▶ SOURCE DATA

◆ ◆ ◆ ◆ ◆ ◆ ◆

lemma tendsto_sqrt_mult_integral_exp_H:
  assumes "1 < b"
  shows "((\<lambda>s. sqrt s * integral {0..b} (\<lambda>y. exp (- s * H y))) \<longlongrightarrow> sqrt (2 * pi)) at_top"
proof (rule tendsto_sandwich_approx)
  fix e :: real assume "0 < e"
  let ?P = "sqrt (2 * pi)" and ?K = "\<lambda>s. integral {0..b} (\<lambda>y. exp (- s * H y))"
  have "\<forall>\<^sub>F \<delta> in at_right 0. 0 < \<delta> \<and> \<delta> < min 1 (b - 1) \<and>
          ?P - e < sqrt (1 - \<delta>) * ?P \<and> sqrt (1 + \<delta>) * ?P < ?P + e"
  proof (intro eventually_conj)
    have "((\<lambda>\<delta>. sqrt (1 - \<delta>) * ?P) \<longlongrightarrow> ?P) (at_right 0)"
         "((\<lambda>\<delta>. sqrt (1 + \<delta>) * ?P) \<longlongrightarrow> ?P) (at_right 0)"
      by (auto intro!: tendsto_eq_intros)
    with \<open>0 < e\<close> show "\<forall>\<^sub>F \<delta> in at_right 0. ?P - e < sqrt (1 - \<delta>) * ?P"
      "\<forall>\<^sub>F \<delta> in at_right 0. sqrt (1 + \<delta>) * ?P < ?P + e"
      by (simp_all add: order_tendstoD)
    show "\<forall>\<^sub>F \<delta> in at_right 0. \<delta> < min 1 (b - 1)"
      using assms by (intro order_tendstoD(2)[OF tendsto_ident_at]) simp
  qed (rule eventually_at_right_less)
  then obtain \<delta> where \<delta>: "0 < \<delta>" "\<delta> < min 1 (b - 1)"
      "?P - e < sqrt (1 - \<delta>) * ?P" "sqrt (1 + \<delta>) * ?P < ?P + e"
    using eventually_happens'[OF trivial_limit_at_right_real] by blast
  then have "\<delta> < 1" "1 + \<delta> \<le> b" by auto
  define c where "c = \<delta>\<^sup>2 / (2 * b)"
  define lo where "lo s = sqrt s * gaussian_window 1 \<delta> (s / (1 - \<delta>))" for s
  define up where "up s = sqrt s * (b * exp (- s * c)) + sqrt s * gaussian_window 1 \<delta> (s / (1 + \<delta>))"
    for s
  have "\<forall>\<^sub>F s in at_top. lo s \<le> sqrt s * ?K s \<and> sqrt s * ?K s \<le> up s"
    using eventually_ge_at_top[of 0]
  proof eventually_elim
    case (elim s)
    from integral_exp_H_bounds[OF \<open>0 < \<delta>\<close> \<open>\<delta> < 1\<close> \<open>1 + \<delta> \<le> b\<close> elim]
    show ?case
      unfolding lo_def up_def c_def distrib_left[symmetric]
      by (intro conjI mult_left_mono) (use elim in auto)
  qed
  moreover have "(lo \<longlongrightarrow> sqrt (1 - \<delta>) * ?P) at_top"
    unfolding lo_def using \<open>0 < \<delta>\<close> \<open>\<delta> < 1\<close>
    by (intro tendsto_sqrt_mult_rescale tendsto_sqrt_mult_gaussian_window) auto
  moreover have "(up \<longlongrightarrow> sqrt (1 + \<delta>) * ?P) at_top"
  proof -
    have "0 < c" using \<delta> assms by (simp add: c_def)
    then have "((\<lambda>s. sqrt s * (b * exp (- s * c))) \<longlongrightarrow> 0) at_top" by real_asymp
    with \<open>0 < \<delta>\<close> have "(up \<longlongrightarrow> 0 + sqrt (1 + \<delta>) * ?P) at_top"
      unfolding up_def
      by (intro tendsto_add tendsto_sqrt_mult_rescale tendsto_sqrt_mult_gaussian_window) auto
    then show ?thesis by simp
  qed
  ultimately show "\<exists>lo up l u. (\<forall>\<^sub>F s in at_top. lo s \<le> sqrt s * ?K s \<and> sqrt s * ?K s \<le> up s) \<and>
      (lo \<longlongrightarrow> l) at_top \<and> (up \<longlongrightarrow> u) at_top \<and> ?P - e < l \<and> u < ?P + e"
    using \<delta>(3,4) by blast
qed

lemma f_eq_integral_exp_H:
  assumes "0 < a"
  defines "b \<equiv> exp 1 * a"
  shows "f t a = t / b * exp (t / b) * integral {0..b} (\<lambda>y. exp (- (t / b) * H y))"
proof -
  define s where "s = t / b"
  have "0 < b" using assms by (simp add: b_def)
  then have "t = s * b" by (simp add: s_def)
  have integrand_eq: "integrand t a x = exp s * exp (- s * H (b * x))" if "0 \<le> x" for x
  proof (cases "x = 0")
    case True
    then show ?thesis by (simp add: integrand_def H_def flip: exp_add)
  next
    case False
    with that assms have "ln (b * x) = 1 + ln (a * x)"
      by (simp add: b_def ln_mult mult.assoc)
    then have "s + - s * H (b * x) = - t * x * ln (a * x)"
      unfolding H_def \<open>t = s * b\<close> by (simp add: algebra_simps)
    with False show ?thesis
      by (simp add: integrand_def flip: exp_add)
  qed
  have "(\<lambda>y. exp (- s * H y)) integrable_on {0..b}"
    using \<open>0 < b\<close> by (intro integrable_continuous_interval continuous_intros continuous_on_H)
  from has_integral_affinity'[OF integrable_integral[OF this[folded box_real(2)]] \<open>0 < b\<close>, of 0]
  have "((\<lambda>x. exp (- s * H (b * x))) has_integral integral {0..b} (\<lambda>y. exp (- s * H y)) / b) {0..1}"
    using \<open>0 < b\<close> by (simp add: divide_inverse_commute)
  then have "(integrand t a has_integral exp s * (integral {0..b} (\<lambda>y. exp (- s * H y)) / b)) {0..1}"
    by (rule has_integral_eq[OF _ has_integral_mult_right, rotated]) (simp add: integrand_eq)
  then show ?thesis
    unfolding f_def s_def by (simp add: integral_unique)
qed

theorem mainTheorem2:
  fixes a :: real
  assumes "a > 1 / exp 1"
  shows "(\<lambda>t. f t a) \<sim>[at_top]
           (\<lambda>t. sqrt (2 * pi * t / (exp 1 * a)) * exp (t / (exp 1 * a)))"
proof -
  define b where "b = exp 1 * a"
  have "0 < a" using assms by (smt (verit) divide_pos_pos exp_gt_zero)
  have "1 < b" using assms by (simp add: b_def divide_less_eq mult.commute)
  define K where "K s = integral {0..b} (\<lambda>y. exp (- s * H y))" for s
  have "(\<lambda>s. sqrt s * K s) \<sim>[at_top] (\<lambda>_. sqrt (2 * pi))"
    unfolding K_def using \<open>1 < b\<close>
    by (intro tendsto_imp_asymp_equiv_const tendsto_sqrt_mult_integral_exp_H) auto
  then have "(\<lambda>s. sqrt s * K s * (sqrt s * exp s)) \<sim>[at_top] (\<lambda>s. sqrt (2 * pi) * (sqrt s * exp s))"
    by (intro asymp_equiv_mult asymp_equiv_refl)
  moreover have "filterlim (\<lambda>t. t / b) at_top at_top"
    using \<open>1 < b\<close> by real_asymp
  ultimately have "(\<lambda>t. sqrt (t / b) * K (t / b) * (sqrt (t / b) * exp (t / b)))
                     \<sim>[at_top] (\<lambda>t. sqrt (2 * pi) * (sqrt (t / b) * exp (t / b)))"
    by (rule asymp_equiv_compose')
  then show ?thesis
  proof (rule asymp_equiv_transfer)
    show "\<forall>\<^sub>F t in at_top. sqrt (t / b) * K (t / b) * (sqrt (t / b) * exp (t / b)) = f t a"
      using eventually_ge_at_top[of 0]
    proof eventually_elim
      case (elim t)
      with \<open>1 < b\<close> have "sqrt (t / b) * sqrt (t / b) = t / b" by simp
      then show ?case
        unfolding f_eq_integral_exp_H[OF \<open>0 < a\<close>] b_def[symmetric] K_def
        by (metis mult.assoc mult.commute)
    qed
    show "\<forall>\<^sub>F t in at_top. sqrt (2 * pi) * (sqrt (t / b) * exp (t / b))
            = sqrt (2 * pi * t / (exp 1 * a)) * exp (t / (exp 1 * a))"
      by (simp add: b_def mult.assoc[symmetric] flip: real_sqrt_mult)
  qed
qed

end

◆ ◆ ◆ ◆ ◆ ◆ ◆

Please say how many lines in the records above contain the word "flip", and give only that number.

▶ WORKED SOLUTION
3